Work required: Each line from the one containing "ultimately show ?thesis using False by simp" through the end of the data must be retyped exactly, and no other line.

++++++++++

lemma ent_rv_xor_selected:
  assumes S: "S > 0" and f: "f \<in> digit_vecs S K"
  shows "ent_rv (msg_dist K (S - 1)) (\<lambda>w. [xor_selected K f w])
    = (if f = replicate K 0 then 0 else 1)"
proof (cases "f = replicate K 0")
  case True
  then have none: "{k. k < K \<and> selected_bit f w k} = {}" for w by (auto simp: selected_bit_def)
  have "xor_selected K f w = False" for w unfolding xor_selected_def none by simp
  then show ?thesis using True by (simp add: ent_rv_def ent_def)
next
  case False
  have "\<exists>k<K. f ! k \<noteq> 0"
  proof (rule ccontr)
    assume "\<not> (\<exists>k<K. f ! k \<noteq> 0)"
    then have "f = replicate K 0" using f by (auto simp: digit_vecs_def intro!: nth_equalityI)
    with False show False ..
  qed
  then obtain k where k: "k < K" "f ! k \<noteq> 0" by blast
  define i where "i = f ! k - 1"
  have i: "i < S - 1" "f ! k = Suc i"
    using digit_vecs_nth_less[OF f k(1)] k(2) by (auto simp: i_def)
  define B where "B = map_pmf (xor_selected K f) (msg_dist K (S - 1))"
  have "B = map_pmf (xor_selected K f) (map_pmf (flip_bit k i) (msg_dist K (S - 1)))"
    unfolding B_def map_pmf_flip_bit_msg_dist[OF k(1) i(1)] ..
  also have "\<dots> = map_pmf Not B"
    unfolding B_def map_pmf_comp using xor_selected_flip_bit[OF _ k(1) i(2,1)]
    by (intro map_pmf_cong) auto
  finally have "ent B = 1" by (intro ent_bool_symmetric) simp
  moreover have "ent_rv (msg_dist K (S - 1)) (\<lambda>w. [xor_selected K f w]) = ent B"
    unfolding B_def ent_rv_def[symmetric] by (rule ent_rv_eq) (simp_all add: finite_msg_set)
  ultimately show ?thesis using False by simp
qed

definition xor_queries :: "nat \<Rightarrow> nat \<Rightarrow> nat list \<Rightarrow> nat list" where
  "xor_queries S \<theta> f = map (\<lambda>n. list_encode (shift_digit S \<theta> n f)) [0..<S]"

++++++++++

Expected answer:
  ultimately show ?thesis using False by simp
qed

definition xor_queries :: "nat \<Rightarrow> nat \<Rightarrow> nat list \<Rightarrow> nat list" where
  "xor_queries S \<theta> f = map (\<lambda>n. list_encode (shift_digit S \<theta> n f)) [0..<S]"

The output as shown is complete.